What pet names have you had? Or what pet names have you always wanted?



Oh - and about the title: my babu is still at work, bringing the new webpage and all its attendant programs live tonight for the bank client. I'm hoping he'll be able to come home in the next couple of hours. Maybe, once he catches up on sleep, we can take the kids to the FSU Circus this weekend!

Thursday, April 07, 2005

AAAARRRRGGGGHHHH

Which is worse - getting no sleep, or sleeping and having non-stop nightmares?

How about being woken up several times during the night and picking up where you left off on your nightmares?

Ugh.

Does life ever slow down?

Wednesday, April 06, 2005

What a week

Sunday was such a high, I think my borderline personality disorder is making these recent days low. *sigh* The closing song of the Tigger Movie almost made me cry. I think I'll go take some B vitamins.

I had a great time with Khang. He's a generous guy, and paid for everything (which is the only way I really could have gone, because we're broke - moving is expensive) and the concert was wonderful. I'd forgotten how much I liked Tori's music. I had a few moments of emotional upheaval at the beginning, remembering personal history when her music was in the house quite a bit - the time before J and I got together, and what a depressing, emotionally fucked up time that was. However, I managed to get past that and enjoy the concert, for which I am supremely greatful - maybe I'm getting better at this whole mental self-control thing after all. I helped Khang get his amazingly nice digital camera in, and he actually got some good shots - I can't wait to see the rest of them.

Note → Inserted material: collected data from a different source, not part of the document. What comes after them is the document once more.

text \<open>Evaluate polynomials at the 0/1 points of F_2^m. Evaluation turns padd and pmul into
  exclusive or and conjunction and separates polynomials, so it suffices to show that
  (a, s) \<mapsto> a * s is injective on the two factors. An element a of LTA(m,2)_h \<cdot> h evaluates to
  the product of the affine factors x_i + l_i(x), i \<in> h, where l_i only reads coordinates outside h,
  while an element s of the sum does not depend on the coordinates in h. So every point can be
  moved inside h to a point where a = 1, and a * s = a' * s' forces s = s' and l_i = l'_i on the
  support of s. Since f/h and g/h both have degree at least 2, that support lies in no affine
  hyperplane; hence l_i = l'_i as affine forms and a = a'.\<close>

definition peval :: "rpoly \<Rightarrow> nat set \<Rightarrow> bool" where
  "peval p x \<longleftrightarrow> odd (card {w \<in> p. w \<subseteq> x})"
  \<comment> \<open>the value of p at the 0/1 point with support x\<close>

lemma odd_card_sym_diff:
  assumes "finite P" "finite Q"
  shows "odd (card (sym_diff P Q)) \<longleftrightarrow> odd (card P) \<noteq> odd (card Q)"
proof -
  have "card (sym_diff P Q) = card (P - Q) + card (Q - P)"
    using assms by (intro card_Un_disjoint) auto
  moreover have "card P = card (P \<inter> Q) + card (P - Q)" "card Q = card (P \<inter> Q) + card (Q - P)"
    using assms card_Int_Diff by (metis, metis Int_commute)
  ultimately show ?thesis by presburger
qed

lemma peval_padd:
  assumes "finite p" "finite q"
  shows "peval (padd p q) x \<longleftrightarrow> peval p x \<noteq> peval q x"
proof -
  have "{w \<in> padd p q. w \<subseteq> x} = sym_diff {w \<in> p. w \<subseteq> x} {w \<in> q. w \<subseteq> x}"
    by (auto simp: padd_def)
  then show ?thesis
    unfolding peval_def using odd_card_sym_diff[of "{w \<in> p. w \<subseteq> x}" "{w \<in> q. w \<subseteq> x}"] assms
    by simp
qed

lemma finite_pmul:
  assumes "finite p" "finite q"
  shows "finite (pmul p q)"
proof -
  have "pmul p q \<subseteq> (\<lambda>(a, b). a \<union> b) ` (p \<times> q)"
  proof
    fix w assume "w \<in> pmul p q"
    then have "odd (card {(a, b). a \<in> p \<and> b \<in> q \<and> a \<union> b = w})"
      by (simp add: pmul_def)
    then have "{(a, b). a \<in> p \<and> b \<in> q \<and> a \<union> b = w} \<noteq> {}"
      by (metis card.empty even_zero)
    then show "w \<in> (\<lambda>(a, b). a \<union> b) ` (p \<times> q)" by force
  qed
  then show ?thesis using assms finite_subset by blast
qed

text \<open>The pairs (a, b) of monomials of p and q below x are grouped by a \<union> b; a group of odd size
  is exactly a monomial of p * q below x.\<close>

lemma peval_pmul:
  assumes "finite p" "finite q"
  shows "peval (pmul p q) x \<longleftrightarrow> peval p x \<and> peval q x"
proof -
  define P where "P = {a \<in> p. a \<subseteq> x}"
  define Q where "Q = {b \<in> q. b \<subseteq> x}"
  define U where "U = (\<lambda>(a, b). a \<union> b :: nat set)"
  define N where "N w = {ab \<in> P \<times> Q. U ab = w}" for w
  have fin: "finite (P \<times> Q)" using assms by (simp add: P_def Q_def)
  have N_pmul: "N w = {(a, b). a \<in> p \<and> b \<in> q \<and> a \<union> b = w}" if "w \<subseteq> x" for w
    using that by (auto simp: N_def U_def P_def Q_def)
  have "card (P \<times> Q) = (\<Sum>w \<in> U ` (P \<times> Q). card (N w))"
    using sum.group[OF fin finite_imageI[OF fin] subset_refl, where g = U and h = "\<lambda>_. 1::nat"]
    by (simp add: N_def)
  then have "odd (card P * card Q) \<longleftrightarrow> odd (card {w \<in> U ` (P \<times> Q). odd (card (N w))})"
    using even_sum_iff[OF finite_imageI[OF fin]] by (simp add: card_cartesian_product)
  moreover have "{w \<in> U ` (P \<times> Q). odd (card (N w))} = {w \<in> pmul p q. w \<subseteq> x}"
  proof (intro equalityI subsetI)
    fix w assume "w \<in> {w \<in> U ` (P \<times> Q). odd (card (N w))}"
    moreover from this have "w \<subseteq> x" by (auto simp: U_def P_def Q_def)
    ultimately show "w \<in> {w \<in> pmul p q. w \<subseteq> x}" by (simp add: pmul_def N_pmul)
  next
    fix w assume w: "w \<in> {w \<in> pmul p q. w \<subseteq> x}"
    then have "odd (card (N w))" by (simp add: pmul_def N_pmul)
    then have "N w \<noteq> {}" by auto
    then show "w \<in> {w \<in> U ` (P \<times> Q). odd (card (N w))}"
      using \<open>odd (card (N w))\<close> by (auto simp: N_def)
  qed
  ultimately show ?thesis by (simp add: peval_def P_def Q_def)
qed

text \<open>A minimal monomial w of p + q is the only one of p + q below w, so p + q does not vanish
  at w.\<close>

lemma peval_inject:
  assumes "finite p" "finite q" "\<And>x. peval p x \<longleftrightarrow> peval q x"
  shows "p = q"
proof (rule ccontr)
  assume "p \<noteq> q"
  then have "padd p q \<noteq> {}" by (auto simp: padd_def)
  moreover have "finite (padd p q)" using assms by (simp add: padd_def)
  ultimately obtain w where w: "w \<in> padd p q" "\<And>v. v \<in> padd p q \<Longrightarrow> v \<subseteq> w \<Longrightarrow> v = w"
    using finite_has_minimal by metis
  then have "{v \<in> padd p q. v \<subseteq> w} = {w}" by auto
  then have "peval (padd p q) w" by (simp add: peval_def)
  then show False using assms by (simp add: peval_padd)
qed

definition triangular :: "(nat \<Rightarrow> nat set \<Rightarrow> bool) \<Rightarrow> bool" where
  "triangular \<phi> \<longleftrightarrow> (\<forall>i x y. x \<inter> {..<i} = y \<inter> {..<i} \<longrightarrow> \<phi> i x = \<phi> i y)"

lemma triangular_solvable:
  assumes "finite T" "triangular \<rho>"
  shows "\<exists>x. \<forall>i \<in> T. i \<in> x \<longleftrightarrow> \<rho> i x"
proof -
  have "\<exists>x. x \<subseteq> {..<n} \<and> (\<forall>i \<in> T \<inter> {..<n}. i \<in> x \<longleftrightarrow> \<rho> i x)" for n
  proof (induction n)
    case (Suc n)
    then obtain x where x: "x \<subseteq> {..<n}" "\<forall>i \<in> T \<inter> {..<n}. i \<in> x \<longleftrightarrow> \<rho> i x" by blast
    define x' where "x' = (if \<rho> n x then insert n x else x)"
    have "\<rho> i x' = \<rho> i x" if "i \<le> n" for i
      using assms(2) that unfolding triangular_def by (metis x'_def Int_insert_left lessThan_iff not_le)
    then have "i \<in> x' \<longleftrightarrow> \<rho> i x'" if "i \<in> T \<inter> {..<Suc n}" for i
      using that x by (cases "i = n") (auto simp: x'_def)
    moreover have "x' \<subseteq> {..<Suc n}" using x by (auto simp: x'_def)
    ultimately show ?case by blast
  qed simp
  moreover obtain n where "T \<subseteq> {..<n}"
    using assms(1) by (auto simp: finite_nat_set_iff_bounded)
  ultimately show ?thesis by (metis inf.absorb1)
qed

definition prod_eval :: "nat set \<Rightarrow> (nat \<Rightarrow> nat set \<Rightarrow> bool) \<Rightarrow> nat set \<Rightarrow> bool" where
  "prod_eval F \<phi> x \<longleftrightarrow> (\<forall>i \<in> F. (i \<in> x) \<noteq> \<phi> i x)"
  \<comment> \<open>the value at x of the product of the factors x_i + \<phi>_i(x), i \<in> F\<close>

definition affinely_spanning :: "nat set set \<Rightarrow> bool" where
  "affinely_spanning P \<longleftrightarrow>
     (\<forall>D c. finite D \<and> (D \<noteq> {} \<or> c) \<longrightarrow> (\<exists>x \<in> P. odd (card (D \<inter> x)) \<noteq> c))"
  \<comment> \<open>P lies in no affine hyperplane sum_{j \<in> D} x_j = c; the case D = {} says P \<noteq> {}\<close>

lemma affinely_spanningD:
  "affinely_spanning P \<Longrightarrow> finite D \<Longrightarrow> D \<noteq> {} \<or> c \<Longrightarrow> \<exists>x \<in> P. odd (card (D \<inter> x)) \<noteq> c"
  unfolding affinely_spanning_def by blast

lemma exists_prod_eval_one_zero:
  assumes "finite F" "finite E" "t \<in> G" "t \<notin> F \<union> E" "F \<inter> E = {}"
    and "triangular \<phi>F" "triangular \<phi>G" "triangular \<psi>"
  shows "\<exists>x. prod_eval F \<phi>F x \<and> \<not> prod_eval G \<phi>G x \<and> (\<forall>i \<in> E. i \<in> x \<longleftrightarrow> \<psi> i x)"
proof -
  \<comment> \<open>solve for x coordinatewise: x_t spoils a factor of the G-product, every F-factor is 1\<close>
  define \<rho> where "\<rho> i x = (if i = t then \<phi>G i x else if i \<in> E then \<psi> i x else \<not> \<phi>F i x)" for i x
  have "\<rho> i x = \<rho> i y" if "x \<inter> {..<i} = y \<inter> {..<i}" for i x y
    using assms(6-8)[unfolded triangular_def, rule_format, OF that]
    by (cases "i = t") (simp_all add: \<rho>_def)
  then have "triangular \<rho>" unfolding triangular_def by blast
  moreover have "finite (insert t (F \<union> E))" using assms(1,2) by simp
  ultimately obtain x where x: "\<forall>i \<in> insert t (F \<union> E). i \<in> x \<longleftrightarrow> \<rho> i x"
    using triangular_solvable by blast
  have "prod_eval F \<phi>F x" "\<not> prod_eval G \<phi>G x" "\<forall>i \<in> E. i \<in> x \<longleftrightarrow> \<psi> i x"
    using x assms(3-5) unfolding prod_eval_def \<rho>_def by auto
  then show ?thesis by blast
qed

lemma exists_prod_eval_one_zero_off_hyperplane:
  assumes "finite F" "2 \<le> card G" "F \<inter> G = {}" "triangular \<phi>F" "triangular \<phi>G"
    and "finite D" "D \<noteq> {} \<or> c" "D = {} \<or> Max D \<notin> F"
  shows "\<exists>x. prod_eval F \<phi>F x \<and> \<not> prod_eval G \<phi>G x \<and> odd (card (D \<inter> x)) \<noteq> c"
proof (cases "D = {}")
  case True
  have "G \<noteq> {}" using assms(2) by auto
  then obtain t where t: "t \<in> G" by blast
  then have "t \<notin> F \<union> {}" using assms(3) by blast
  then show ?thesis
    using exists_prod_eval_one_zero[OF assms(1) finite.emptyI t _ _ assms(4,5,4)] True assms(7)
    by simp
next
  case False
  \<comment> \<open>the top variable d of the hyperplane is solved for last, so x can be pushed off it\<close>
  define d where "d = Max D"
  have d: "d \<in> D" "\<And>j. j \<in> D \<Longrightarrow> j \<le> d"
    using False assms(6) by (simp_all add: d_def)
  have "\<not> G \<subseteq> {d}" using assms(2) card_mono[of "{d}" G] by auto
  then obtain t where t: "t \<in> G" "t \<noteq> d" by blast
  define \<psi> where "\<psi> i x = (odd (card (D \<inter> {..<i} \<inter> x)) = c)" for i x
  have "D \<inter> {..<i} \<inter> x = D \<inter> {..<i} \<inter> y" if "x \<inter> {..<i} = y \<inter> {..<i}" for i x y
    using that by blast
  then have "triangular \<psi>" unfolding triangular_def \<psi>_def by metis
  moreover have "t \<notin> F \<union> {d}" "F \<inter> {d} = {}"
    using t assms(3,8) False by (auto simp: d_def)
  ultimately obtain x where x: "prod_eval F \<phi>F x" "\<not> prod_eval G \<phi>G x" "d \<in> x \<longleftrightarrow> \<psi> d x"
    using exists_prod_eval_one_zero[OF assms(1) _ t(1) _ _ assms(4,5)] by blast
  have "D \<inter> x = (if d \<in> x then insert d (D \<inter> {..<d} \<inter> x) else D \<inter> {..<d} \<inter> x)"
    using d by (auto simp: less_le)
  then have "odd (card (D \<inter> x)) \<noteq> c"
    using x(3) assms(6) by (simp add: \<psi>_def)
  then show ?thesis using x by blast
qed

The chaos of the house grates on my nerves. I was so focused on getting the move done last week that it didn't get to me - but now I'm having a hard time with it. J is stressed to the gills with work - not only is his current job a clusterfuck, he's been hired in all but final paperwork at another place, so he's suffering from short-timers disease to boot. I'm looking for the PERI or LEDS life stress events checklist online; I'm sure his and mine are through the roof.

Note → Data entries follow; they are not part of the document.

lemma prob_all_less_le_exp:
  fixes m j :: nat and b \<epsilon> :: real
  defines "L \<equiv> g (ln (real (m * j)))"
  defines "h \<equiv> L / g 0 * b - \<epsilon> / L"
  assumes "1 \<le> m" "1 \<le> j" "0 \<le> b" "0 \<le> \<epsilon>" "0 < h"
  shows "prob {\<omega> \<in> space M. \<forall>k\<in>{1..m}. \<forall>n\<in>{1..j}. X k n \<omega> < L * b - \<epsilon>}
    \<le> exp (- C * real (m * j) * exp (- \<kappa> h))"
proof -
  let ?J = "{1..m} \<times> {1..j}" and ?c = "L * b - \<epsilon>"
  have each: "prob {\<omega> \<in> space M. X k n \<omega> < ?c} \<le> exp (- C * exp (- \<kappa> h))"
    if "k \<in> {1..m}" "n \<in> {1..j}" for k n
  proof -
    define G where "G = g (ln (real (k * n)))"
    have [measurable]: "X k n \<in> borel_measurable M" using that by (simp add: measurable_X)
    have "1 \<le> real (k * n)" "real (k * n) \<le> real (m * j)"
      using that by (auto simp del: of_nat_mult intro: mult_le_mono)
    then have "0 \<le> ln (real (k * n))" "ln (real (k * n)) \<le> ln (real (m * j))"
      by (auto simp del: of_nat_mult intro: ln_mono)
    then have G: "0 < g 0" "g 0 \<le> G" "G \<le> L"
      unfolding G_def L_def using g_pos g_mono by (auto intro: mono_onD)
    have "?c / G = L * b / G - \<epsilon> / G" by (simp add: diff_divide_distrib)
    also have "\<dots> \<le> L * b / g 0 - \<epsilon> / L"
      using G \<open>0 \<le> b\<close> \<open>0 \<le> \<epsilon>\<close> by (intro diff_mono divide_left_mono) auto
    finally have "{\<omega> \<in> space M. X k n \<omega> < ?c} \<subseteq> {\<omega> \<in> space M. X k n \<omega> / G < h}"
      using G unfolding h_def by (force intro: less_le_trans[OF divide_strict_right_mono])
    then have "prob {\<omega> \<in> space M. X k n \<omega> < ?c} \<le> prob {\<omega> \<in> space M. X k n \<omega> / G < h}"
      by (intro finite_measure_mono) measurable
    also have "\<dots> \<le> exp (- C * exp (- \<kappa> h))"
      using tail that \<open>0 < h\<close> unfolding G_def by auto
    finally show ?thesis .
  qed
  have "{\<omega> \<in> space M. \<forall>k\<in>{1..m}. \<forall>n\<in>{1..j}. X k n \<omega> < ?c}
      = (\<Inter>i\<in>?J. (\<lambda>(k, n). X k n) i -` {..<?c} \<inter> space M)"
    using \<open>1 \<le> m\<close> \<open>1 \<le> j\<close> by auto
  then have "prob {\<omega> \<in> space M. \<forall>k\<in>{1..m}. \<forall>n\<in>{1..j}. X k n \<omega> < ?c}
      = (\<Prod>(k, n)\<in>?J. prob {\<omega> \<in> space M. X k n \<omega> < ?c})"
    using indep_varsD[OF indep, of ?J "\<lambda>_. {..<?c}"] \<open>1 \<le> m\<close> \<open>1 \<le> j\<close>
    by (simp add: case_prod_beta vimage_def Int_def conj_commute subset_iff)
  also have "\<dots> \<le> (\<Prod>(k, n)\<in>?J. exp (- C * exp (- \<kappa> h)))"
    using each by (intro prod_mono) auto
  also have "\<dots> = exp (- C * real (m * j) * exp (- \<kappa> h))"
    by (simp add: exp_of_nat_mult[symmetric] algebra_simps)
  finally show ?thesis .
qed

lemma prob_all_less_threshold_le_powr:
  fixes A \<epsilon> :: real
  assumes "0 \<le> \<epsilon>"
    and int: "set_integrable lborel {A..}
        (\<lambda>y. exp (- (C * y / 2) * exp (- \<kappa> (g (ln y) / g 0 * \<beta> (ln y) - \<epsilon> / g (ln y)))))"
  obtains K where "\<And>m j. 1 \<le> m \<Longrightarrow> 1 \<le> j \<Longrightarrow>
    prob {\<omega> \<in> space M. \<forall>k\<in>{1..m}. \<forall>n\<in>{1..j}.
      X k n \<omega> < g (ln (real (m * j))) * \<beta> (ln (real (m * j))) - \<epsilon>} \<le> K * real (m * j) powr (-4/3)"
proof -
  define h where "h y = g (ln y) / g 0 * \<beta> (ln y) - \<epsilon> / g (ln y)" for y
  obtain N0 where "1 \<le> N0" and h_pos: "\<And>y. N0 \<le> y \<Longrightarrow> 0 < h y"
    and h_mono: "\<And>y y'. N0 \<le> y \<Longrightarrow> y \<le> y' \<Longrightarrow> h y \<le> h y'"
    using threshold_eventually_pos_mono[OF g_pos g_mono \<beta>_nonneg \<beta>_mono \<beta>_lim \<open>0 \<le> \<epsilon>\<close>]
    unfolding h_def by blast
  define N where "N = max A N0"
  define I where "I = (LINT y:{A..}|lborel. exp (- (C * y / 2) * exp (- \<kappa> (h y))))"
  define K where "K = max ((2 * I) powr (4/3)) (N powr (4/3))"
  have "prob {\<omega> \<in> space M. \<forall>k\<in>{1..m}. \<forall>n\<in>{1..j}.
      X k n \<omega> < g (ln (real (m * j))) * \<beta> (ln (real (m * j))) - \<epsilon>} \<le> K * real (m * j) powr (-4/3)"
    (is "prob ?E \<le> _") if mj: "1 \<le> m" "1 \<le> j" for m j
  proof (cases "N \<le> real (m * j)")
    case True
    have "0 \<le> ln (real (m * j))" using mj by (simp del: of_nat_mult)
    then have "prob ?E \<le> exp (- C * real (m * j) * exp (- \<kappa> (h (real (m * j)))))"
      using prob_all_less_le_exp[OF mj \<beta>_nonneg \<open>0 \<le> \<epsilon>\<close>]
        h_pos[of "real (m * j)"] True unfolding h_def N_def by auto
    also have "\<dots> \<le> (2 * I) powr (4/3) * real (m * j) powr (-4/3)"
      unfolding I_def
    proof (rule exp_neg_le_integral_powr)
      show "set_integrable lborel {A..} (\<lambda>y. exp (- (C * y / 2) * exp (- \<kappa> (h y))))"
        using int unfolding h_def .
      show "exp (- \<kappa> (h t)) \<le> exp (- \<kappa> (h s))" if "N \<le> s" "s \<le> t" for s t
        using that h_pos[of s] h_mono[of s t] unfolding N_def by (auto intro: mono_onD[OF \<kappa>_mono])
    qed (use True mj C_nonneg in \<open>auto simp: N_def\<close>)
    also have "\<dots> \<le> K * real (m * j) powr (-4/3)"
      unfolding K_def by (intro mult_right_mono) auto
    finally show ?thesis .
  next
    case False
    have "real (m * j) powr (4/3) \<le> N powr (4/3)"
      using False by (intro powr_mono2) auto
    then have "1 \<le> N powr (4/3) * real (m * j) powr (-4/3)"
      using mj by (simp add: powr_minus_divide)
    also have "\<dots> \<le> K * real (m * j) powr (-4/3)"
      unfolding K_def by (intro mult_right_mono) auto
    finally show ?thesis using prob_le_1 order_trans by blast
  qed
  then show thesis by (rule that)
qed

lemma AE_eventually_ex_ge_threshold:
  fixes A \<epsilon> :: real
  assumes "0 \<le> \<epsilon>"
    and int: "set_integrable lborel {A..}
        (\<lambda>y. exp (- (C * y / 2) * exp (- \<kappa> (g (ln y) / g 0 * \<beta> (ln y) - \<epsilon> / g (ln y)))))"
  shows "AE \<omega> in M. \<exists>N. \<forall>m j. 1 \<le> m \<longrightarrow> 1 \<le> j \<longrightarrow> N \<le> max m j \<longrightarrow>
    (\<exists>k\<in>{1..m}. \<exists>n\<in>{1..j}. g (ln (real (m * j))) * \<beta> (ln (real (m * j))) - \<epsilon> \<le> X k n \<omega>)"
proof -
  define E where "E m j = {\<omega> \<in> space M. \<forall>k\<in>{1..m}. \<forall>n\<in>{1..j}.
    X k n \<omega> < g (ln (real (m * j))) * \<beta> (ln (real (m * j))) - \<epsilon>}" for m j
  obtain K where "\<And>m j. 1 \<le> m \<Longrightarrow> 1 \<le> j \<Longrightarrow> prob (E m j) \<le> K * real (m * j) powr (-4/3)"
    using prob_all_less_threshold_le_powr[OF assms] unfolding E_def by blast
  moreover have "E m j \<in> events" for m j
    unfolding E_def by measurable
  ultimately have "AE \<omega> in M. \<exists>N. \<forall>m j. 1 \<le> m \<longrightarrow> 1 \<le> j \<longrightarrow> N \<le> max m j \<longrightarrow> \<omega> \<notin> E m j"
    by (intro AE_eventually_notin_powr[where K = K and p = "4/3"]) auto
  then show ?thesis
    using AE_space by eventually_elim (fastforce simp: E_def not_less)
qed

end

theorem theorem2:
  fixes M :: "'a measure" and \<phi> p g \<kappa> r C0 :: "real \<Rightarrow> real"
    and X :: "nat \<Rightarrow> nat \<Rightarrow> 'a \<Rightarrow> real" and C A \<epsilon>0 :: real
  defines "\<psi> \<equiv> young_fenchel \<phi>"
  defines "q \<equiv> gen_inv p"
  defines "a \<equiv> (\<lambda>m j. g (ln (real (m * j))) * inv_nonneg \<psi> (ln (real (m * j))))"
  defines "Y \<equiv> (\<lambda>m j \<omega>. Max {X k n \<omega> | k n. 1 \<le> k \<and> k \<le> m \<and> 1 \<le> n \<and> n \<le> j} - a m j)"
  defines "Yneg \<equiv> (\<lambda>m j \<omega>. max (- Y m j \<omega>) 0)"
  assumes "prob_space M"
    and "orlicz_N \<phi>" and "orlicz_density \<phi> p"
    and indep: "prob_space.indep_vars M (\<lambda>_. borel) (\<lambda>(k, n). X k n) ({1..} \<times> {1..})"
    and subg: "\<And>k n. k \<ge> 1 \<Longrightarrow> n \<ge> 1 \<Longrightarrow> phi_subgaussian M \<phi> (X k n)"
    and g_pos: "\<And>x. x \<ge> 0 \<Longrightarrow> g x > 0" and g_mono: "mono_on {0..} g"
    and tau_le: "\<And>k n. k \<ge> 1 \<Longrightarrow> n \<ge> 1 \<Longrightarrow> tau_phi M \<phi> (X k n) \<le> g (ln (real (k * n)))"
    and \<kappa>_pos: "\<And>x. x > 0 \<Longrightarrow> \<kappa> x > 0" and \<kappa>_inc: "strict_mono_on {0<..} \<kappa>"
    and \<kappa>_deriv: "\<And>x. x > 0 \<Longrightarrow> (\<kappa> has_real_derivative r x) (at x)"
    and r_mono: "mono_on {0<..} r"
    and "C > 0"
    and tail: "\<And>k n x. k \<ge> 1 \<Longrightarrow> n \<ge> 1 \<Longrightarrow> x > 0 \<Longrightarrow>
        measure M {\<omega> \<in> space M. X k n \<omega> / g (ln (real (k * n))) < x} \<le> exp (- C * exp (- \<kappa> x))"
    and C0: "\<And>x. x > 0 \<Longrightarrow> \<psi> x - \<kappa> (x * g x / g 0) \<ge> C0 x"
    and "A > 0" and "\<epsilon>0 > 0"
    and int1: "\<And>\<epsilon>. 0 < \<epsilon> \<Longrightarrow> \<epsilon> \<le> \<epsilon>0 \<Longrightarrow> set_integrable lborel {A..}
        (\<lambda>y. exp (- (C * y / 2) * exp (- \<kappa> (g (ln y) / g 0 * inv_nonneg \<psi> (ln y) - \<epsilon> / g (ln y)))))"
    and int2: "\<And>\<epsilon>. 0 < \<epsilon> \<Longrightarrow> \<epsilon> \<le> \<epsilon>0 \<Longrightarrow> set_integrable lborel {A..}
        (\<lambda>y. \<psi> y * q y * exp (\<psi> y - C / 2 * exp (C0 y
            + \<epsilon> * r (y * g (\<psi> y) / g 0 - \<epsilon> / g (\<psi> y)) / g (\<psi> y))))"
  shows "AE \<omega> in M. double_lim (\<lambda>m j. Yneg m j \<omega>) 0"
proof -
  have \<beta>: "\<And>s. 0 \<le> s \<Longrightarrow> 0 \<le> inv_nonneg \<psi> s" "mono_on {0..} (inv_nonneg \<psi>)"
    "filterlim (inv_nonneg \<psi>) at_top at_top"
    unfolding \<psi>_def using \<open>orlicz_N \<phi>\<close> inv_nonneg_young_fenchel mono_on_inv_nonneg_young_fenchel
      filterlim_inv_nonneg_young_fenchel by auto
  interpret lower_tail_array M X g \<kappa> "inv_nonneg \<psi>" C
    unfolding lower_tail_array_def lower_tail_array_axioms_def
    using \<open>prob_space M\<close> indep g_pos g_mono tail strict_mono_on_imp_mono_on[OF \<kappa>_inc] \<beta> \<open>0 < C\<close>
    by simp
  have "AE \<omega> in M. \<forall>\<epsilon>>0. \<exists>N. \<forall>m j. 1 \<le> m \<longrightarrow> 1 \<le> j \<longrightarrow> N \<le> max m j \<longrightarrow>
      (\<exists>k\<in>{1..m}. \<exists>n\<in>{1..j}. a m j - \<epsilon> \<le> X k n \<omega>)"
  proof (rule AE_all_pos_mono[OF \<open>0 < \<epsilon>0\<close>])
    fix \<epsilon> :: real assume \<epsilon>: "0 < \<epsilon>" "\<epsilon> \<le> \<epsilon>0"
    then have "0 \<le> \<epsilon>" by simp
    from AE_eventually_ex_ge_threshold[OF this int1[OF \<epsilon>]]
    show "AE \<omega> in M. \<exists>N. \<forall>m j. 1 \<le> m \<longrightarrow> 1 \<le> j \<longrightarrow> N \<le> max m j \<longrightarrow>
        (\<exists>k\<in>{1..m}. \<exists>n\<in>{1..j}. a m j - \<epsilon> \<le> X k n \<omega>)"
      unfolding a_def .
  qed (meson diff_left_mono order_trans)
  then show ?thesis
    unfolding Yneg_def Y_def by eventually_elim (intro double_lim_neg_part_Max, blast)
qed

end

Fortunately the kids are great; mom's obeying the doctor's orders (for once) and I'm slowly but surely unpacking and putting the house together and getting us organized. I just have to remember that, like breathing, it's a never ending process.

Saturday, April 02, 2005

I'm never moving again

12 hours after leaving home to work on the old house, we're back home. I'm so tired, I had trouble walking to my parents to pick up the kids. I can't ever remember being staggeringly tired, but now I know what that means.

However, in most ways, the house looks better than when we moved in 9 months ago, so it was worth it. Our landlord was a really nice guy, and I didn't want to cause him any grief. I'm hoping we keep in touch, actually.

Tori Amos tomorrow! Woohoo! And J, sweetheart that he is, is going to try to let me sleep in some tomorrow, because otherwise, as he points out, I might fall asleep during the concert.